Pick any of the below as that has as much of a chance of being right as any opinions you will get here 

1) Yes
2) No
3) Maybe
4) Never


----------



## zlensman (Jan 15, 2006)

paulcdavis said:


> Any hope we'll get SciFi HD on DISH anytime soon so we can see Eureka and Galactica in HD?


At least you are not being unreasonable, Paul. Except for "BSG: Razor", Galactica won't be back until April. Eureka is a summer show, so it shouldn't be back until July. By that time, E* may have new satellites in the sky and plenty of bandwidth for more HD. The magic 8-ball says, "signs point to yes". 

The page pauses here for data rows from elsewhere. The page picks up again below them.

(* Let $\Theta$ be a saturated branch of a tableau of $\mathbf{TAB}_{\mathbf{IB}}$. If $@_i j\in\Theta$ (with $j$ a nominal) and $i,j\in\mathrm{dom}(v_\Theta)$, then $v_\Theta(i)=v_\Theta(j)$.
   Context: Hybrid language: fix disjoint countably infinite sets $\mathbf{Prop}$ (propositional variables) and $\mathbf{Nom}$ (nominals). Formulas: $\varphi ::= p \mid i \mid \neg\varphi \mid \varphi\land\varphi \mid \Diamond\varphi \mid @_i\varphi$ with $p\in\mathbf{Prop}$, $i\in\mathbf{Nom}$; $\Box\varphi$ abbreviates $\neg\Diamond\neg\varphi$. Tableau calculus $\mathbf{TAB}_{\mathbf{IB}}$. A tableau is a well-founded tree whose nodes are formulas of the form $@_i\varphi$; its root is a formula $@_i\varphi$ (the root formula) where $i$ does not occur in $\varphi$. A branch is a maximal path; $\varphi\in\Theta$ means $\varphi$ occurs on branch $\Theta$. Each branch is extended by applying the rules below to its formulas as often as possible, except that no further formula is added to a branch once either (i) every new formula generated by applying any rule already occurs on the branch, or (ii) the branch is closed, i.e. contains $@_i\varphi$ and $@_i\neg\varphi$ for some formula $\varphi$ and nominal $i$. A branch is saturated if every new formula generated by applying some rule already occurs on it. An accessibility formula is a formula $@_i\Diamond j$ added by rule $[\Diamond]$ (with $j$ the new nominal). Rules (premises already on the branch; conclusions added to it): [$\neg\neg$] from $@_i\neg\neg\varphi$ add $@_i\varphi$; [$\land$] from $@_i(\varphi\land\psi)$ add $@_i\varphi$ and $@_i\psi$; [$\neg\land$] from $@_i\neg(\varphi\land\psi)$ split the branch into one extended by $@_i\neg\varphi$ and one extended by $@_i\neg\psi$; [$\Diamond$] from $@_i\Diamond\varphi$, which is not an accessibility formula, add $@_i\Diamond j$ and $@_j\varphi$ where $j$ is a nominal not occurring on the branch; this rule is applied at most once per formula, and only if $i$ is a quasi-urfather on the branch (defined below); [$\neg\Diamond$] from $@_i\neg\Diamond\varphi$ and $@_i\Diamond j$ add $@_j\neg\varphi$; [$\Box_{sym}$] from $@_i\Box\varphi$ and $@_j\Diamond i$ add $@_j\varphi$; [$@$] from $@_i@_j\varphi$ add $@_j\varphi$; [$\neg@$] from $@_i\neg@_j\varphi$ add $@_j\neg\varphi$; [$Id$] from $@_i\varphi$, which is not an accessibility formula, and $@_i j$ add $@_j\varphi$; [$Ref$] for any nominal $i$ occurring on the branch add $@_i i$; ($\mathcal{I}$) for any nominal $i$ occurring on the branch add $@_i\neg\Diamond i$. Auxiliary notions for a branch $\Theta$. $@_i\varphi$ is a quasi-subformula of $@_j\psi$ if $\varphi$ is a subformula of $\psi$, or $\varphi=\neg\chi$ with $\chi$ a subformula of $\psi$. For a nominal $i$ occurring in $\Theta$, $T^\Theta(i)=\{\varphi \mid @_i\varphi\in\Theta$ and $@_i\varphi$ is a quasi-subformula of the root formula$\}$. Nominals $i,j$ are twins if $T^\Theta(i)=T^\Theta(j)$. $i\prec_\Theta j$ if $j$ was introduced by applying $[\Diamond]$ to a formula $@_i\Diamond\varphi$; $\prec_\Theta^*$ is its reflexive transitive closure. A nominal $i$ is a quasi-urfather on $\Theta$ if there are no twins $j\neq k$ with $j\prec_\Theta^* i$ and $k\prec_\Theta^* i$. The identity urfather $v_\Theta(i)$ of a nominal $i$ occurring in $\Theta$ is the earliest introduced nominal $j$ on $\Theta$ such that $j$ is a twin of $i$ and $j$ is a quasi-urfather; it may fail to exist, and $\mathrm{dom}(v_\Theta)$ denotes the set of nominals $i$ for which it exists. *)

theory Defs
  imports Main
begin

datatype form =
    Pro nat
  | Nom nat
  | Neg form
  | Con form form
  | Dia form
  | At nat form

abbreviation Box :: "form \<Rightarrow> form" where
  "Box \<phi> \<equiv> Neg (Dia (Neg \<phi>))"

fun subf :: "form \<Rightarrow> form set" where
  "subf (Pro p) = {Pro p}"
| "subf (Nom i) = {Nom i}"
| "subf (Neg \<phi>) = insert (Neg \<phi>) (subf \<phi>)"
| "subf (Con \<phi> \<psi>) = insert (Con \<phi> \<psi>) (subf \<phi> \<union> subf \<psi>)"
| "subf (Dia \<phi>) = insert (Dia \<phi>) (subf \<phi>)"
| "subf (At i \<phi>) = insert (At i \<phi>) (subf \<phi>)"

fun noms_f :: "form \<Rightarrow> nat set" where
  "noms_f (Pro p) = {}"
| "noms_f (Nom i) = {i}"
| "noms_f (Neg \<phi>) = noms_f \<phi>"
| "noms_f (Con \<phi> \<psi>) = noms_f \<phi> \<union> noms_f \<psi>"
| "noms_f (Dia \<phi>) = noms_f \<phi>"
| "noms_f (At i \<phi>) = insert i (noms_f \<phi>)"

(* A node of a branch is the formula @_i \<phi>, stored as (i, \<phi>, origin).
   origin = Some \<chi> iff this node is the accessibility formula @_i \<diamond> j added by
   rule [\<diamond>] applied to @_i \<diamond> \<chi>; otherwise origin = None. *)
type_synonym node = "nat \<times> form \<times> form option"

type_synonym branch = "node list"

definition on :: "nat \<Rightarrow> form \<Rightarrow> branch \<Rightarrow> bool" where
  "on i \<phi> \<Theta> \<longleftrightarrow> (\<exists>a. (i, \<phi>, a) \<in> set \<Theta>)"

definition noms_node :: "node \<Rightarrow> nat set" where
  "noms_node n = insert (fst n) (noms_f (fst (snd n)))"

definition noms :: "branch \<Rightarrow> nat set" where
  "noms \<Theta> = (\<Union>n\<in>set \<Theta>. noms_node n)"

definition root_body :: "branch \<Rightarrow> form" where
  "root_body \<Theta> = fst (snd (hd \<Theta>))"

(* @_i \<phi> is a quasi-subformula of @_j \<psi> *)
definition qsub :: "form \<Rightarrow> form \<Rightarrow> bool" where
  "qsub \<phi> \<psi> \<longleftrightarrow> \<phi> \<in> subf \<psi> \<or> (\<exists>\<chi>. \<phi> = Neg \<chi> \<and> \<chi> \<in> subf \<psi>)"

definition T :: "branch \<Rightarrow> nat \<Rightarrow> form set" where
  "T \<Theta> i = {\<phi>. on i \<phi> \<Theta> \<and> qsub \<phi> (root_body \<Theta>)}"

definition twins :: "branch \<Rightarrow> nat \<Rightarrow> nat \<Rightarrow> bool" where
  "twins \<Theta> i j \<longleftrightarrow> T \<Theta> i = T \<Theta> j"

definition prec :: "branch \<Rightarrow> nat \<Rightarrow> nat \<Rightarrow> bool" where
  "prec \<Theta> i j \<longleftrightarrow> (\<exists>\<chi>. (i, Dia (Nom j), Some \<chi>) \<in> set \<Theta>)"

definition quasi_urfather :: "branch \<Rightarrow> nat \<Rightarrow> bool" where
  "quasi_urfather \<Theta> i \<longleftrightarrow>
     \<not> (\<exists>j k. j \<noteq> k \<and> twins \<Theta> j k \<and> (prec \<Theta>)\<^sup>*\<^sup>* j i \<and> (prec \<Theta>)\<^sup>*\<^sup>* k i)"

(* The rules: ext \<Theta> e means that applying a rule to \<Theta> yields the list e of
   formulas to be added to the (current) branch \<Theta>. *)
inductive ext :: "branch \<Rightarrow> node list \<Rightarrow> bool" for \<Theta> :: branch where
  negneg: "on i (Neg (Neg \<phi>)) \<Theta> \<Longrightarrow> ext \<Theta> [(i, \<phi>, None)]"
| conj: "on i (Con \<phi> \<psi>) \<Theta> \<Longrightarrow> ext \<Theta> [(i, \<phi>, None), (i, \<psi>, None)]"
| negconj1: "on i (Neg (Con \<phi> \<psi>)) \<Theta> \<Longrightarrow> ext \<Theta> [(i, Neg \<phi>, None)]"
| negconj2: "on i (Neg (Con \<phi> \<psi>)) \<Theta> \<Longrightarrow> ext \<Theta> [(i, Neg \<psi>, None)]"
| dia: "(i, Dia \<phi>, None) \<in> set \<Theta> \<Longrightarrow> j \<notin> noms \<Theta> \<Longrightarrow> quasi_urfather \<Theta> i \<Longrightarrow>
        \<not> (\<exists>k. (i, Dia (Nom k), Some \<phi>) \<in> set \<Theta>) \<Longrightarrow>
        ext \<Theta> [(i, Dia (Nom j), Some \<phi>), (j, \<phi>, None)]"
| negdia: "on i (Neg (Dia \<phi>)) \<Theta> \<Longrightarrow> on i (Dia (Nom j)) \<Theta> \<Longrightarrow> ext \<Theta> [(j, Neg \<phi>, None)]"
| boxsym: "on i (Box \<phi>) \<Theta> \<Longrightarrow> on j (Dia (Nom i)) \<Theta> \<Longrightarrow> ext \<Theta> [(j, \<phi>, None)]"
| at: "on i (At j \<phi>) \<Theta> \<Longrightarrow> ext \<Theta> [(j, \<phi>, None)]"
| negat: "on i (Neg (At j \<phi>)) \<Theta> \<Longrightarrow> ext \<Theta> [(j, Neg \<phi>, None)]"
| ident: "(i, \<phi>, None) \<in> set \<Theta> \<Longrightarrow> on i (Nom j) \<Theta> \<Longrightarrow> ext \<Theta> [(j, \<phi>, None)]"
| refl: "i \<in> noms \<Theta> \<Longrightarrow> ext \<Theta> [(i, Nom i, None)]"
| irr: "i \<in> noms \<Theta> \<Longrightarrow> ext \<Theta> [(i, Neg (Dia (Nom i)), None)]"

definition closed :: "branch \<Rightarrow> bool" where
  "closed \<Theta> \<longleftrightarrow> (\<exists>i \<phi>. on i \<phi> \<Theta> \<and> on i (Neg \<phi>) \<Theta>)"

definition saturated :: "branch \<Rightarrow> bool" where
  "saturated \<Theta> \<longleftrightarrow> (\<forall>e. ext \<Theta> e \<longrightarrow> (\<forall>(i, \<phi>, a) \<in> set e. on i \<phi> \<Theta>))"

(* Finite initial segments of branches of TAB_IB tableaux, starting from the root. *)
inductive tab_path :: "branch \<Rightarrow> bool" where
  root: "i \<notin> noms_f \<phi> \<Longrightarrow> tab_path [(i, \<phi>, None)]"
| step: "tab_path \<Theta> \<Longrightarrow> \<not> closed \<Theta> \<Longrightarrow> \<not> saturated \<Theta> \<Longrightarrow> ext \<Theta> e \<Longrightarrow> tab_path (\<Theta> @ e)"

definition intro_pos :: "branch \<Rightarrow> nat \<Rightarrow> nat" where
  "intro_pos \<Theta> i = (LEAST n. n < length \<Theta> \<and> i \<in> noms_node (\<Theta> ! n))"

(* "j is introduced no later than k"; ties (only possible between nominals of the
   root formula) are broken by the index of the nominal *)
definition intro_le :: "branch \<Rightarrow> nat \<Rightarrow> nat \<Rightarrow> bool" where
  "intro_le \<Theta> j k \<longleftrightarrow> intro_pos \<Theta> j < intro_pos \<Theta> k \<or>
                        (intro_pos \<Theta> j = intro_pos \<Theta> k \<and> j \<le> k)"

definition is_urfather :: "branch \<Rightarrow> nat \<Rightarrow> nat \<Rightarrow> bool" where
  "is_urfather \<Theta> i j \<longleftrightarrow>
     j \<in> noms \<Theta> \<and> twins \<Theta> j i \<and> quasi_urfather \<Theta> j \<and>
     (\<forall>k. k \<in> noms \<Theta> \<and> twins \<Theta> k i \<and> quasi_urfather \<Theta> k \<longrightarrow> intro_le \<Theta> j k)"

definition v :: "branch \<Rightarrow> nat \<Rightarrow> nat option" where
  "v \<Theta> i = (if i \<in> noms \<Theta> \<and> (\<exists>j. is_urfather \<Theta> i j)
             then Some (THE j. is_urfather \<Theta> i j) else None)"

end

theory Submission
  imports Defs
begin

(* Rule [Id] copies every formula at i that is not an accessibility formula to j,
   and accessibility formulas @_i <>k never count for T, because k is a fresh nominal that does
   not occur in the root formula. Hence T(i) \<subseteq> T(j); with [Ref] and [Id] the equation i = j
   is symmetric, so i and j are twins. The identity urfather depends only on the twin class. *)

lemma noms_f_subf: "\<phi> \<in> subf \<psi> \<Longrightarrow> noms_f \<phi> \<subseteq> noms_f \<psi>"
  by (induction \<psi>) auto

lemma on_noms:
  assumes "on i \<phi> \<Theta>"
  shows "i \<in> noms \<Theta>" and "noms_f \<phi> \<subseteq> noms \<Theta>"
  using assms by (force simp: on_def noms_def noms_node_def)+

lemma tab_path_not_Nil: "tab_path \<Theta> \<Longrightarrow> \<Theta> \<noteq> []"
  by (induction rule: tab_path.induct) auto

lemma noms_f_root_body_subset:
  "\<Theta> \<noteq> [] \<Longrightarrow> noms_f (root_body \<Theta>) \<subseteq> noms \<Theta>"
  by (cases \<Theta>) (auto simp: root_body_def noms_def noms_node_def)

lemma accessibility_formula_fresh:
  assumes "tab_path \<Theta>" and "(x, \<psi>, Some \<chi>) \<in> set \<Theta>"
  shows "\<exists>k. \<psi> = Dia (Nom k) \<and> k \<notin> noms_f (root_body \<Theta>)"
  using assms
proof (induction arbitrary: x \<psi> \<chi> rule: tab_path.induct)
  case (root i \<phi>)
  then show ?case by simp
next
  case (step \<Theta> e)
  have root_body_eq: "root_body (\<Theta> @ e) = root_body \<Theta>"
    using tab_path_not_Nil[OF step.hyps(1)] by (simp add: root_body_def)
  have fresh_in_e: "\<exists>k. \<psi> = Dia (Nom k) \<and> k \<notin> noms_f (root_body \<Theta>)"
    if "(x, \<psi>, Some \<chi>) \<in> set e"
    using step.hyps(4) that noms_f_root_body_subset[OF tab_path_not_Nil[OF step.hyps(1)]]
    by cases auto
  from step.prems consider "(x, \<psi>, Some \<chi>) \<in> set \<Theta>" | "(x, \<psi>, Some \<chi>) \<in> set e"
    by auto
  then show ?case
  proof cases
    case 1
    then show ?thesis using step.IH by (simp add: root_body_eq)
  next
    case 2
    then show ?thesis using fresh_in_e by (simp add: root_body_eq)
  qed
qed

lemma accessibility_formula_not_qsub_root:
  assumes "tab_path \<Theta>" and "(x, \<psi>, Some \<chi>) \<in> set \<Theta>"
  shows "\<not> qsub \<psi> (root_body \<Theta>)"
proof
  assume "qsub \<psi> (root_body \<Theta>)"
  obtain k where k: "\<psi> = Dia (Nom k)" "k \<notin> noms_f (root_body \<Theta>)"
    using accessibility_formula_fresh[OF assms] by blast
  with \<open>qsub \<psi> (root_body \<Theta>)\<close> have "\<psi> \<in> subf (root_body \<Theta>)"
    by (auto simp: qsub_def)
  with k show False
    using noms_f_subf by fastforce
qed

lemma saturated_on:
  "saturated \<Theta> \<Longrightarrow> ext \<Theta> [(j, \<phi>, None)] \<Longrightarrow> on j \<phi> \<Theta>"
  unfolding saturated_def by auto

lemma T_subset_if_on_Nom:
  assumes "tab_path \<Theta>" and "saturated \<Theta>" and "on i (Nom j) \<Theta>"
  shows "T \<Theta> i \<subseteq> T \<Theta> j"
proof
  fix \<phi> assume "\<phi> \<in> T \<Theta> i"
  then have qsub: "qsub \<phi> (root_body \<Theta>)" and "on i \<phi> \<Theta>"
    by (auto simp: T_def)
  then obtain a where a: "(i, \<phi>, a) \<in> set \<Theta>"
    by (auto simp: on_def)
  with qsub have "a = None"
    using accessibility_formula_not_qsub_root[OF assms(1)] by (cases a) auto
  with a have "(i, \<phi>, None) \<in> set \<Theta>"
    by simp
  then have "ext \<Theta> [(j, \<phi>, None)]"
    using assms(3) by (rule ext.ident)
  then show "\<phi> \<in> T \<Theta> j"
    using saturated_on[OF assms(2)] qsub by (simp add: T_def)
qed

lemma on_Nom_sym:
  assumes "tab_path \<Theta>" and "saturated \<Theta>" and "on i (Nom j) \<Theta>"
  shows "on j (Nom i) \<Theta>"
proof -
  have "on i (Nom i) \<Theta>"
    using saturated_on[OF assms(2) ext.refl[OF on_noms(1)[OF assms(3)]]] .
  then obtain a where a: "(i, Nom i, a) \<in> set \<Theta>"
    by (auto simp: on_def)
  then have "a = None"
    using accessibility_formula_fresh[OF assms(1)] by (cases a) auto
  with a have "(i, Nom i, None) \<in> set \<Theta>"
    by simp
  then show ?thesis
    using saturated_on[OF assms(2) ext.ident[OF _ assms(3)]] by blast
qed

lemma twins_if_on_Nom:
  assumes "tab_path \<Theta>" and "saturated \<Theta>" and "on i (Nom j) \<Theta>"
  shows "twins \<Theta> i j"
  using T_subset_if_on_Nom[OF assms] T_subset_if_on_Nom[OF assms(1,2) on_Nom_sym[OF assms]]
  by (simp add: twins_def)

lemma v_eq_if_twins:
  assumes "twins \<Theta> i j" and "i \<in> noms \<Theta>" and "j \<in> noms \<Theta>"
  shows "v \<Theta> i = v \<Theta> j"
proof -
  have "is_urfather \<Theta> i = is_urfather \<Theta> j"
    using assms(1) by (simp add: fun_eq_iff is_urfather_def twins_def)
  with assms(2,3) show ?thesis
    by (simp add: v_def)
qed

theorem lemma8:
  assumes "tab_path \<Theta>"
    and "saturated \<Theta>"
    and "on i (Nom j) \<Theta>"
    and "i \<in> dom (v \<Theta>)"
    and "j \<in> dom (v \<Theta>)"
  shows "v \<Theta> i = v \<Theta> j"
proof (rule v_eq_if_twins)
  show "twins \<Theta> i j"
    using assms(1-3) by (rule twins_if_on_Nom)
  show "i \<in> noms \<Theta>" and "j \<in> noms \<Theta>"
    using on_noms[OF assms(3)] by simp_all
qed

end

As for Razor, San Francisco is one of the very few cities that will be showing it in theaters on the big screen:

http://www.battlestarevent.com


----------



## texaswolf (Oct 18, 2007)

HobbyTalk said:


> Pick any of the below as that has as much of a chance of being right as any opinions you will get here
> 
> 1) Yes
> 2) No
> ...


yeah, exactly...call E* themselves and they will tell you they don't even have a clue


----------



## archer75 (Oct 13, 2006)

zlensman said:


> At least you are not being unreasonable, Paul. Except for "BSG: Razor", Galactica won't be back until April. Eureka is a summer show, so it shouldn't be back until July. By that time, E* may have new satellites in the sky and plenty of bandwidth for more HD. The magic 8-ball says, "signs point to yes".
> 
> As for Razor, San Francisco is one of the very few cities that will be showing it in theaters on the big screen:
> 
> http://www.battlestarevent.com


Galactica is supposed to be back in January.


----------



## Brad B (May 26, 2006)

archer75 said:


> Galactica is supposed to be back in January.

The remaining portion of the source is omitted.